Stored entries
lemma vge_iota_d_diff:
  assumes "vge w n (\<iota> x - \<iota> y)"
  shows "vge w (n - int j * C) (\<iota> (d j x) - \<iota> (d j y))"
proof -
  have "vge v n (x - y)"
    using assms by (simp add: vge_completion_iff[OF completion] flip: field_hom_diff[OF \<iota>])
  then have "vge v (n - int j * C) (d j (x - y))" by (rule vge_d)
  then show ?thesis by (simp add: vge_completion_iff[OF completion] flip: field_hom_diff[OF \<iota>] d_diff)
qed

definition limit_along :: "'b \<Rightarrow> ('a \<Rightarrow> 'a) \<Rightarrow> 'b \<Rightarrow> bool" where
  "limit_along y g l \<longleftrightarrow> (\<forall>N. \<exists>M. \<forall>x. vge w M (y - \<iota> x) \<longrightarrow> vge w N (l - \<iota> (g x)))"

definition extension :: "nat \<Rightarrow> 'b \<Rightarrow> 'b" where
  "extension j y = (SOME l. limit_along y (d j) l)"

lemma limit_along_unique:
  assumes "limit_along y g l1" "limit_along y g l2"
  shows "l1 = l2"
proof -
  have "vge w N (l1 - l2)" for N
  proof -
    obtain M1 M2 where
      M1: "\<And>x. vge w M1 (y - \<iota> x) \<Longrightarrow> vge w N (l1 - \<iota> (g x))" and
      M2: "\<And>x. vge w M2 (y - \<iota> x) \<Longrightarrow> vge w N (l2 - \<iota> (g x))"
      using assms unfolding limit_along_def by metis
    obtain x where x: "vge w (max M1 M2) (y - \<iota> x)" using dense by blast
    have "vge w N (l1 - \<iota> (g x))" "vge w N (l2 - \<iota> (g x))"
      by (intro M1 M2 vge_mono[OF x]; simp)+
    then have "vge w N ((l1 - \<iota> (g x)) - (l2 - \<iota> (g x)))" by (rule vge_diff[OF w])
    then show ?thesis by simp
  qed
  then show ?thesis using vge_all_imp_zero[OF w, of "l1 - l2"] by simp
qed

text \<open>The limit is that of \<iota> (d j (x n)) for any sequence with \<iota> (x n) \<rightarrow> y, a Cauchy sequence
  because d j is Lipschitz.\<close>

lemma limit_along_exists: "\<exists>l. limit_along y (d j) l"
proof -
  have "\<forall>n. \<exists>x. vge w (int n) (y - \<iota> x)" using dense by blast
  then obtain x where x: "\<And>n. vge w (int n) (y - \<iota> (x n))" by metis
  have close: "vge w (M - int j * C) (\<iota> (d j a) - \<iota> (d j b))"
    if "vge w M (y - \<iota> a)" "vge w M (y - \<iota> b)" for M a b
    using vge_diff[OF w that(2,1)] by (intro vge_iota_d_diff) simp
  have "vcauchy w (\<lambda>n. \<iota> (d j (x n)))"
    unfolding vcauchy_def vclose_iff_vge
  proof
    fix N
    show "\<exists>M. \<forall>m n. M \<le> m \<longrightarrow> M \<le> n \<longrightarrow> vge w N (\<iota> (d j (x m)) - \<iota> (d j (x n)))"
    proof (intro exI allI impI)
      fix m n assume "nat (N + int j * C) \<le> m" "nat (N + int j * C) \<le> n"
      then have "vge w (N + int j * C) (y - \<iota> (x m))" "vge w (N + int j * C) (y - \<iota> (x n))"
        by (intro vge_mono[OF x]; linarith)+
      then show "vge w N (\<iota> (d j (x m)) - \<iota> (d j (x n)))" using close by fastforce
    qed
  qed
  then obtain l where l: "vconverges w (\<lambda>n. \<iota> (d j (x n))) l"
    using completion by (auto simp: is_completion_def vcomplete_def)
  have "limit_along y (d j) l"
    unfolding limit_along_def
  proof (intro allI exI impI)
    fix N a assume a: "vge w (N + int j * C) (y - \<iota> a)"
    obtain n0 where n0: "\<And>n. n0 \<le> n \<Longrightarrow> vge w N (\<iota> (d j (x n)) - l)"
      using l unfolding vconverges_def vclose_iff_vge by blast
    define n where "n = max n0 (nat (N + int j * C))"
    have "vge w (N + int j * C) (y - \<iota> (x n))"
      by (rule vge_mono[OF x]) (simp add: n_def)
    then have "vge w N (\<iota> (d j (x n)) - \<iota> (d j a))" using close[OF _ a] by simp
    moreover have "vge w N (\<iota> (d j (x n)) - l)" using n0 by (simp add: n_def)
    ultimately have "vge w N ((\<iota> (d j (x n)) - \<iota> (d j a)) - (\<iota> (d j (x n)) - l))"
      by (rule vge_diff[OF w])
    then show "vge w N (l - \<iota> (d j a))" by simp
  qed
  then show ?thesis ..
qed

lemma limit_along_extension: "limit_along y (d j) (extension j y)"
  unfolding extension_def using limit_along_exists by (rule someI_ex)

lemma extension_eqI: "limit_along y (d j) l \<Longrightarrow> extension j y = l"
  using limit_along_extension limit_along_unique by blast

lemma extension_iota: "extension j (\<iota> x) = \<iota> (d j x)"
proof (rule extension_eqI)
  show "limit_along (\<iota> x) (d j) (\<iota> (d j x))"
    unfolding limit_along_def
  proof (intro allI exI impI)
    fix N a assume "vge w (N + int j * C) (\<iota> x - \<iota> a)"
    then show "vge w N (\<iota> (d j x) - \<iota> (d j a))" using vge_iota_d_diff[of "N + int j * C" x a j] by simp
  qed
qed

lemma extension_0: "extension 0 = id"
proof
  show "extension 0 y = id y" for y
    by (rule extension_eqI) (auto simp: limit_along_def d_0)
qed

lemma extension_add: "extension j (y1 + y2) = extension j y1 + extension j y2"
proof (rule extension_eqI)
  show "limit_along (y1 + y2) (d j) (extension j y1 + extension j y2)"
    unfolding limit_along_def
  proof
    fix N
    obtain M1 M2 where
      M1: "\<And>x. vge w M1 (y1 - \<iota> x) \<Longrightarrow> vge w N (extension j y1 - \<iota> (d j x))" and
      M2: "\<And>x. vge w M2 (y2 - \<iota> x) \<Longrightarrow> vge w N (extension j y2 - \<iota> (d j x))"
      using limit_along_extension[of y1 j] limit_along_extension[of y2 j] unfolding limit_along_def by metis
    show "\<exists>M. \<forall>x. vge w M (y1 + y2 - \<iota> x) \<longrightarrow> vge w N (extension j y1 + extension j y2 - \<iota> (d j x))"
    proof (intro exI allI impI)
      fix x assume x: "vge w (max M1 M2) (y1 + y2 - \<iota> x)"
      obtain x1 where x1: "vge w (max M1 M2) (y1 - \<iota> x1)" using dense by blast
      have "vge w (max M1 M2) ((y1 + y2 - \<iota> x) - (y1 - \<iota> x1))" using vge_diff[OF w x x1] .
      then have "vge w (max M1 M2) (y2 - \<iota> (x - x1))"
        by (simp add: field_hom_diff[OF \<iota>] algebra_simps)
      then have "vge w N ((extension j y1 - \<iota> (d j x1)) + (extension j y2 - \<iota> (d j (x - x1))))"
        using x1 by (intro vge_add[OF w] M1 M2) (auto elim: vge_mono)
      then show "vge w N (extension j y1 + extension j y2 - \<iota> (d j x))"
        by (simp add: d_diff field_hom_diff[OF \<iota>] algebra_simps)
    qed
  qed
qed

About this task:
Lines that contain "assumes" are to be copied from the records above.

Exercise solution:
  assumes "vge w n (\<iota> x - \<iota> y)"
  assumes "limit_along y g l1" "limit_along y g l2"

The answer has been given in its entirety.